◆ TASK GOAL ◆
In the data that follows, every line containing the word "unfolding" should be returned.

◆ EXTRACTED INFORMATION ◆
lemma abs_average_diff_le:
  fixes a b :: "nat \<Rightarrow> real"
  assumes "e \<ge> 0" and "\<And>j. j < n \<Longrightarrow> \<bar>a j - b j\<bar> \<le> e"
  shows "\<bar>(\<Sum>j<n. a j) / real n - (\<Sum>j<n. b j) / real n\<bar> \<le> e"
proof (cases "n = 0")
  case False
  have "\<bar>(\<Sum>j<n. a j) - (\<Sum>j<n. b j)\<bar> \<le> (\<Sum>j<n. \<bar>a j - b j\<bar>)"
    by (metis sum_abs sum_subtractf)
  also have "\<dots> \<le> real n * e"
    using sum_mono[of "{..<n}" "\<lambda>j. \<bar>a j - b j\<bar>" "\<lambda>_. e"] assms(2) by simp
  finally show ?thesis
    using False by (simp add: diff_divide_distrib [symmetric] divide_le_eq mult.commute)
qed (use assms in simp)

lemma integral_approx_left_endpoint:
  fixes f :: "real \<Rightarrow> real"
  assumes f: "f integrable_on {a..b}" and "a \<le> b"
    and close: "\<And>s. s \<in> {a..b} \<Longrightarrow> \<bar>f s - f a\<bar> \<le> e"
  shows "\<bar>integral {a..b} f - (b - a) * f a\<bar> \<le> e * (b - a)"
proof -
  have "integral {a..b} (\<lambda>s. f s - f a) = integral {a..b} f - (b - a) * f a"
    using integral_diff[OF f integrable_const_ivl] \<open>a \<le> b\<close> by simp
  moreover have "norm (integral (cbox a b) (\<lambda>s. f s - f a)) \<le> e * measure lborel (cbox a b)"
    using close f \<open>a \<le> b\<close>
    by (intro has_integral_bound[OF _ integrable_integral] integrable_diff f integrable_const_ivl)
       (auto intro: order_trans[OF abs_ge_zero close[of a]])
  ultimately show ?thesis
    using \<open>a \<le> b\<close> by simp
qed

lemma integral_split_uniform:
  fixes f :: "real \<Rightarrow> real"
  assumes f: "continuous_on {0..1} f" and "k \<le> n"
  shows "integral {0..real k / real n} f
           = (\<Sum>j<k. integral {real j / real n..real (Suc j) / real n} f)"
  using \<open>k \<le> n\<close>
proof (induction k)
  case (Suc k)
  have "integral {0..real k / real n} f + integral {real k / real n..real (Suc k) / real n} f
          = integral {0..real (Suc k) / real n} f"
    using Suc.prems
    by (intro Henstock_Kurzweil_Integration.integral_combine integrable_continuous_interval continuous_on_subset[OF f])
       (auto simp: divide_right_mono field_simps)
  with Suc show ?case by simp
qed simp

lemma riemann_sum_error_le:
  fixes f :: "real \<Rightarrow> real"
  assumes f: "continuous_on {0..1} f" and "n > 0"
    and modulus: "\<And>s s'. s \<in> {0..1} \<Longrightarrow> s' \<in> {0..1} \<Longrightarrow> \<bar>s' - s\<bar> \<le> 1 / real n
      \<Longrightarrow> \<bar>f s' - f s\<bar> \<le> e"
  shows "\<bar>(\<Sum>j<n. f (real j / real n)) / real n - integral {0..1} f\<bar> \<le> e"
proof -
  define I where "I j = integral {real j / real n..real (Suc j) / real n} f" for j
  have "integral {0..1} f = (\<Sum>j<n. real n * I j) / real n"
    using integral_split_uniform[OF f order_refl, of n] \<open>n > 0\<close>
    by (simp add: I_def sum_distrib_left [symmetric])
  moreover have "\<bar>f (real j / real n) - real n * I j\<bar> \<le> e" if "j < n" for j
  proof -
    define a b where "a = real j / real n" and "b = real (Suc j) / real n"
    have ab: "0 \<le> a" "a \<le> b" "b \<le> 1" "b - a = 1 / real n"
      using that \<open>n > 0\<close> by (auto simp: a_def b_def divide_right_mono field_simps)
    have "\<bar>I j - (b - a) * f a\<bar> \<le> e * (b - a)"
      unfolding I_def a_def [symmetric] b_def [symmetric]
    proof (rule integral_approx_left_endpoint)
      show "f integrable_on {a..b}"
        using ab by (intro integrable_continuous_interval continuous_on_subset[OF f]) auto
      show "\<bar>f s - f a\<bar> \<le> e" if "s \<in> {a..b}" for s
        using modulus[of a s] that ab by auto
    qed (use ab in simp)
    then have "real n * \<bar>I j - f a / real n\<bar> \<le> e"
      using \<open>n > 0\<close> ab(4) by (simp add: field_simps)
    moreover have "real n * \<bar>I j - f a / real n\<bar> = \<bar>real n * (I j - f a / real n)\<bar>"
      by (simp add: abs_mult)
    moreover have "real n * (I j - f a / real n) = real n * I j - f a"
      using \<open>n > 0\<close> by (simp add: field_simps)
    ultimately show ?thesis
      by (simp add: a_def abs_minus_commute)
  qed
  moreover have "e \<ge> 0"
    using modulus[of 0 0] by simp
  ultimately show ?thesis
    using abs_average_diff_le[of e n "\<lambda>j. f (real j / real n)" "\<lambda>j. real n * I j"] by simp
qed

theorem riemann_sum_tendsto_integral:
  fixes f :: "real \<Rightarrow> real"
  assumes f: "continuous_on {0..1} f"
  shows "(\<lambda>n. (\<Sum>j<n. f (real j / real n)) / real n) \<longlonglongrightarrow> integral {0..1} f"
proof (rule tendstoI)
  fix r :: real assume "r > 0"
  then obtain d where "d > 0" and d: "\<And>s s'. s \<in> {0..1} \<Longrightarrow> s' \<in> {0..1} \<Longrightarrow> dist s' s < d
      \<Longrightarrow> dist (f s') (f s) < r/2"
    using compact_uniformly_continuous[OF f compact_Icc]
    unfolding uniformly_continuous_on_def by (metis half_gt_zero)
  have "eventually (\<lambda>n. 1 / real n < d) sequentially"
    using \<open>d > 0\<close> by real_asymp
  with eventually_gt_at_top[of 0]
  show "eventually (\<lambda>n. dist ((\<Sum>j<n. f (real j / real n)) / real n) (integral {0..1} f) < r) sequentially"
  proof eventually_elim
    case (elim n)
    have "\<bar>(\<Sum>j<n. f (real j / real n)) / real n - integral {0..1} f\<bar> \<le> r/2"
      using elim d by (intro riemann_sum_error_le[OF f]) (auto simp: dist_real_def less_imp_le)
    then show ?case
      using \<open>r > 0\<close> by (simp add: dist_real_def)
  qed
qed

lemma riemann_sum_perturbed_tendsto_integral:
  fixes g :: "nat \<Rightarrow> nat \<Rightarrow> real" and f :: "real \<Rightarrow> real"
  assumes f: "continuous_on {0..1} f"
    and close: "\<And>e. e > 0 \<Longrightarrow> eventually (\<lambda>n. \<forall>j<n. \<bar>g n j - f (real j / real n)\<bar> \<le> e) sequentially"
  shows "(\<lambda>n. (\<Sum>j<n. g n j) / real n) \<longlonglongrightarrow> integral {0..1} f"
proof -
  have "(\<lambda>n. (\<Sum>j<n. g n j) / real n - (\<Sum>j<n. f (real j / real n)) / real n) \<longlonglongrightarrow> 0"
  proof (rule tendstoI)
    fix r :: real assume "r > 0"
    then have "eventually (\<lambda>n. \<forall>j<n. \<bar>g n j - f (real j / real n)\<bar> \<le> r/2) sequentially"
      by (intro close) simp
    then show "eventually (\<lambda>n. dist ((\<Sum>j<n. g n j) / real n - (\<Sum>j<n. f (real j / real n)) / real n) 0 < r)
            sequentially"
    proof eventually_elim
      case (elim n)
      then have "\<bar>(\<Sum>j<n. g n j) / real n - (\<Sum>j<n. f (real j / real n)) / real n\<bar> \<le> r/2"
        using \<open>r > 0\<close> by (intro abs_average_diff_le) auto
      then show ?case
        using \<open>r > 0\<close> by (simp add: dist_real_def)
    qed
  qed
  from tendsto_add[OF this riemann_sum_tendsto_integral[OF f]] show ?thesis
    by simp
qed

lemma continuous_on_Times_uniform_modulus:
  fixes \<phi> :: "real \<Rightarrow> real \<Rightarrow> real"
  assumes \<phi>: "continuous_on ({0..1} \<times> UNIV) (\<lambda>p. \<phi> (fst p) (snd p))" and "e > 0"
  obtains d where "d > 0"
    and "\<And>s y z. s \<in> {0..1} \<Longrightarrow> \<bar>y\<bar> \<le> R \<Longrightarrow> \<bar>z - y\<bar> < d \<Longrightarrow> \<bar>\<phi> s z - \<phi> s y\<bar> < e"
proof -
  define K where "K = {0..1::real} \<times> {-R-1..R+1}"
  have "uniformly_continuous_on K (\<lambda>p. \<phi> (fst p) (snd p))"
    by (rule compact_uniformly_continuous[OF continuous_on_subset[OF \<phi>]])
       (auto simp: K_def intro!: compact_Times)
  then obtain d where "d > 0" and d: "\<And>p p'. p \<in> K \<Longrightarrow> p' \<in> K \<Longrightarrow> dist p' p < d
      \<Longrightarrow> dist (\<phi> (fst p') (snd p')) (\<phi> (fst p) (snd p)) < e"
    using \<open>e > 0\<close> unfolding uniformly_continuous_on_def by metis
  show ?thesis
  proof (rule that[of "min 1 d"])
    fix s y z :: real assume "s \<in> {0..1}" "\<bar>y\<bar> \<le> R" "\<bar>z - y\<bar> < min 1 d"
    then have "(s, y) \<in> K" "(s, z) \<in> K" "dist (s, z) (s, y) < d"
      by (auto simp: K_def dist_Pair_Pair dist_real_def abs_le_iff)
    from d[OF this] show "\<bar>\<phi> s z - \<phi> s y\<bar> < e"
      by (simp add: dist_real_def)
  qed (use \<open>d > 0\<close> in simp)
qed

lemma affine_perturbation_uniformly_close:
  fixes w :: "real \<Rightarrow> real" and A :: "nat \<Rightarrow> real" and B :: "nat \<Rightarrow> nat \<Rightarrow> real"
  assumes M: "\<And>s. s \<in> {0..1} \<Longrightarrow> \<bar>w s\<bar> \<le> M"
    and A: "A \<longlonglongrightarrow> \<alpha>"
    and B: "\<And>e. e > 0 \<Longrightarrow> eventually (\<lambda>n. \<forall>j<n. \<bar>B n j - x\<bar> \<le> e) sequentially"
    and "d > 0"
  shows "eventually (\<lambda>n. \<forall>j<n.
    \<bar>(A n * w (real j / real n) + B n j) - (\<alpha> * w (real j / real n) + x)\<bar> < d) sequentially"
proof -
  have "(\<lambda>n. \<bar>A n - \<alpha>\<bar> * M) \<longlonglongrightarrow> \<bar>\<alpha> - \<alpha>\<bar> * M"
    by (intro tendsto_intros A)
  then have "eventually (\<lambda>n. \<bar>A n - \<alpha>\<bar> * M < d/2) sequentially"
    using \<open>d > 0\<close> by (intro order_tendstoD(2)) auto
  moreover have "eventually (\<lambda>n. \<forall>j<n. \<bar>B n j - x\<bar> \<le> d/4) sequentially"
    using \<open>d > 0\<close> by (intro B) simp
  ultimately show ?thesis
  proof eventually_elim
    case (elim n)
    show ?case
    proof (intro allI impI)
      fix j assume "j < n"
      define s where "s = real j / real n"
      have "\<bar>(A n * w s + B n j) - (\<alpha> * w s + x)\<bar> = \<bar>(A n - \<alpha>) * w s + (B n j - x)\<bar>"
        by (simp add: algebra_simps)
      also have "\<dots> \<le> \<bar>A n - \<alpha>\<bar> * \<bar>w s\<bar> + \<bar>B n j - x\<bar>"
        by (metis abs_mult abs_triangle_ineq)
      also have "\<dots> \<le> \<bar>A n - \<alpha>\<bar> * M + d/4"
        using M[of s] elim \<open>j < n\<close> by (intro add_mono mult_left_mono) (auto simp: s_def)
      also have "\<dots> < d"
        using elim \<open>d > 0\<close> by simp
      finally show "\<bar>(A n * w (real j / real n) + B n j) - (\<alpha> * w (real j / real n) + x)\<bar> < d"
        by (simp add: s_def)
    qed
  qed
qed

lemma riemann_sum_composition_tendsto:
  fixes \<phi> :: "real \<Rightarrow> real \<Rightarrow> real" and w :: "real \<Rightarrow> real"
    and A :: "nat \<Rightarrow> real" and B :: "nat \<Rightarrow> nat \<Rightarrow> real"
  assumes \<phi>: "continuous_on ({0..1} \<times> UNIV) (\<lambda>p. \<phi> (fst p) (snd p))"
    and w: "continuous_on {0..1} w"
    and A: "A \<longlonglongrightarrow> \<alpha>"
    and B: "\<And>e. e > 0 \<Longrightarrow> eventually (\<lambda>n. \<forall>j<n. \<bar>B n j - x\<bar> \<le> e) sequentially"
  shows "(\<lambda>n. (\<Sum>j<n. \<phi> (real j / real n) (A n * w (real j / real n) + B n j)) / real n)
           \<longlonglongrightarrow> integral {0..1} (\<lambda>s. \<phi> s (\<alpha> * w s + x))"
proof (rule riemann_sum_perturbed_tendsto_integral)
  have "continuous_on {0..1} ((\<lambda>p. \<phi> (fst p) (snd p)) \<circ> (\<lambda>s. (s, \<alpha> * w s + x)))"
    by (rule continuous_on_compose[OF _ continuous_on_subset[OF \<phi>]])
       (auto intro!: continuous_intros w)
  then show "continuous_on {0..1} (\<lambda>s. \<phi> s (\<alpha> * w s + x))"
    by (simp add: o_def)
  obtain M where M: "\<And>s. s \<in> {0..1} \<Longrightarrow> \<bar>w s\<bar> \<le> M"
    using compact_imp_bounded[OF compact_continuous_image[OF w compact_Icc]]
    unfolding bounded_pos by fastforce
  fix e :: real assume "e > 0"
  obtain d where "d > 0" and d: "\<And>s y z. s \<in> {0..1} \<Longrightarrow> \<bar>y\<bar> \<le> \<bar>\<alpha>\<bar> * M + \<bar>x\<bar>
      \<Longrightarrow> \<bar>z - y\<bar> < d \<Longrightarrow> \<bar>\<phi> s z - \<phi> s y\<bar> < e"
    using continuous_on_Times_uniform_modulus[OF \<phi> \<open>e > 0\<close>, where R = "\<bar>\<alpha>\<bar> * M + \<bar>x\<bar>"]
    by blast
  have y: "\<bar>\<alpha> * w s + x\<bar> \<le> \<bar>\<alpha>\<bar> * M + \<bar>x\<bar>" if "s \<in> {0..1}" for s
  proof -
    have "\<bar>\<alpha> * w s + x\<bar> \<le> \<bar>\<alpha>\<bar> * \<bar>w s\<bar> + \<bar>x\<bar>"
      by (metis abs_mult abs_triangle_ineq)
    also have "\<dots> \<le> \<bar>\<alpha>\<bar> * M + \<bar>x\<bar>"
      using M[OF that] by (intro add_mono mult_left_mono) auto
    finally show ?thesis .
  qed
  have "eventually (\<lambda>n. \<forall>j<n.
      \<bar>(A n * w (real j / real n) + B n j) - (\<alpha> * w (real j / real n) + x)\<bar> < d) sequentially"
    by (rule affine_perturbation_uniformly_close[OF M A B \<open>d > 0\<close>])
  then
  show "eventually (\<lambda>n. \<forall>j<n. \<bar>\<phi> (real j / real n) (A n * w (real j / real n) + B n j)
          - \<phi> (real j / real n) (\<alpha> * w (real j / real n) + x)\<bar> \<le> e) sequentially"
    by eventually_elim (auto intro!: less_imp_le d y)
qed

* * *

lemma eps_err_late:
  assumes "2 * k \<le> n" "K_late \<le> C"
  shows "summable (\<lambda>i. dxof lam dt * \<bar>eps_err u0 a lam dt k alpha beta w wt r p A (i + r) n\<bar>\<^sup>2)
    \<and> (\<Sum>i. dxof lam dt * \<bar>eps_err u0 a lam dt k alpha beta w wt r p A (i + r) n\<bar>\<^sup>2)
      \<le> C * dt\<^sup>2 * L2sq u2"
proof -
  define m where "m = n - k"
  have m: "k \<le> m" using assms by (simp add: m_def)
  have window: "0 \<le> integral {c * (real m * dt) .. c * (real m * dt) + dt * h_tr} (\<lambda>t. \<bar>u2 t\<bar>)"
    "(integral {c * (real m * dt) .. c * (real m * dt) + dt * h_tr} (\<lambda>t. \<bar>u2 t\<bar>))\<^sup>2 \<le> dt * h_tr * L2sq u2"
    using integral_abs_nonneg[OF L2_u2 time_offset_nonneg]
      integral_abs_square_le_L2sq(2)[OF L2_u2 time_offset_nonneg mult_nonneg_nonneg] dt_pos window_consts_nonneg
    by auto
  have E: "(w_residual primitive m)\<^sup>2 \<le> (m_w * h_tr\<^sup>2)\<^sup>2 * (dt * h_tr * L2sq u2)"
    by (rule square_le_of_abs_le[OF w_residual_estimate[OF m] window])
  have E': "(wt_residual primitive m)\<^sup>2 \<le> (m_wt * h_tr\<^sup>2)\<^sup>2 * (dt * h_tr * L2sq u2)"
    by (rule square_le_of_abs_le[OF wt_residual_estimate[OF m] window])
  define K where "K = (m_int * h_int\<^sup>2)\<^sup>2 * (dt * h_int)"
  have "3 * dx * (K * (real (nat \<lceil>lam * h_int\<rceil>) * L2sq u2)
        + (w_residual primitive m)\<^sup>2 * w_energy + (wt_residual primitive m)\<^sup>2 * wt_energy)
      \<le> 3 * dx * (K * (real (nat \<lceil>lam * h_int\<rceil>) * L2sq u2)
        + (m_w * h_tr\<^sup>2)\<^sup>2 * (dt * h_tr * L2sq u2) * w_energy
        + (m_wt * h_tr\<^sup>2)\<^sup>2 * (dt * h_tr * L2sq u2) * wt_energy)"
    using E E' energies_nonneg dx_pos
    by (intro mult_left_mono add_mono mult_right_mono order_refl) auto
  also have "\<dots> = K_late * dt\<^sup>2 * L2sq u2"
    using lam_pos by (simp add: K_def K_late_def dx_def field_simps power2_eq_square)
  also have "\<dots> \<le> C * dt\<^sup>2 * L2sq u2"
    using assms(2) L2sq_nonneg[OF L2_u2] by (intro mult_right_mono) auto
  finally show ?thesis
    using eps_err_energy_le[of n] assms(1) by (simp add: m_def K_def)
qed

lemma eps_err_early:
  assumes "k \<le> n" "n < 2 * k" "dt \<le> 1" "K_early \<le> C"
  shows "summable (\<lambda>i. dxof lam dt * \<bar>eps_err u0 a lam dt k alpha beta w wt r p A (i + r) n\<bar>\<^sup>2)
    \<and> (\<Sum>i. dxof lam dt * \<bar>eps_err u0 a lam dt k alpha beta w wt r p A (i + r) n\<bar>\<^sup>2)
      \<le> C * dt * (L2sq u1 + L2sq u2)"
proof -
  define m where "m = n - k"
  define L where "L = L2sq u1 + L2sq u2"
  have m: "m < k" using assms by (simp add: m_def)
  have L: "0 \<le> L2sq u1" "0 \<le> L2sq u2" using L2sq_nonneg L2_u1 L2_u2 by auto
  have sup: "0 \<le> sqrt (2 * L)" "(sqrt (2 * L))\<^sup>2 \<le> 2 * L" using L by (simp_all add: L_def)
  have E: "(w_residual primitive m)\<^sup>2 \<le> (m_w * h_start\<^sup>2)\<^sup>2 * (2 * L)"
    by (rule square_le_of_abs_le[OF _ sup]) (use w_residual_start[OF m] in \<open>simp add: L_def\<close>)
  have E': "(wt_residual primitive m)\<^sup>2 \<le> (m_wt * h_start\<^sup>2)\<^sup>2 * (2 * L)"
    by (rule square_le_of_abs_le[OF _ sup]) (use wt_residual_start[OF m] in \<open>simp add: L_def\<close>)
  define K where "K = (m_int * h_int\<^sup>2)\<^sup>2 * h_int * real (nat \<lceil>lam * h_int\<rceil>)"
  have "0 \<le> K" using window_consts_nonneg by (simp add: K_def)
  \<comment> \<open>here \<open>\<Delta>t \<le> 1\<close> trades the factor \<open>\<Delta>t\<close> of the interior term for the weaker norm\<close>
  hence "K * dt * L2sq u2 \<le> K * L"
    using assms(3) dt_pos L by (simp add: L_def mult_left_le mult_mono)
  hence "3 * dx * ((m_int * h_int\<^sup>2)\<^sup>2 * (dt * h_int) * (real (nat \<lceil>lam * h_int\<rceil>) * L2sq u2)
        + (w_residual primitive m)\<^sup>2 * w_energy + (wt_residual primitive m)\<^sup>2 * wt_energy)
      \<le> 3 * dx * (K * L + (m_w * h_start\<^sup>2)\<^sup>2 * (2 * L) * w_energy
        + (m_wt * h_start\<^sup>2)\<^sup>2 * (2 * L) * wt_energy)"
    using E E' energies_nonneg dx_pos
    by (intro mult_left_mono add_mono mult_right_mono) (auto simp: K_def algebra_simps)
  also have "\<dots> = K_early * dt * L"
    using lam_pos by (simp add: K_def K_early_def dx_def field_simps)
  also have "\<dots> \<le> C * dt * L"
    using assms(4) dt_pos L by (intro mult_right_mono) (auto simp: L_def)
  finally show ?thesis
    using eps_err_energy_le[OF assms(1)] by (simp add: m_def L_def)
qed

◆ EXPECTED ANSWER ◆
      unfolding I_def a_def [symmetric] b_def [symmetric]
    unfolding uniformly_continuous_on_def by (metis half_gt_zero)
    using \<open>e > 0\<close> unfolding uniformly_continuous_on_def by metis
    unfolding bounded_pos by fastforce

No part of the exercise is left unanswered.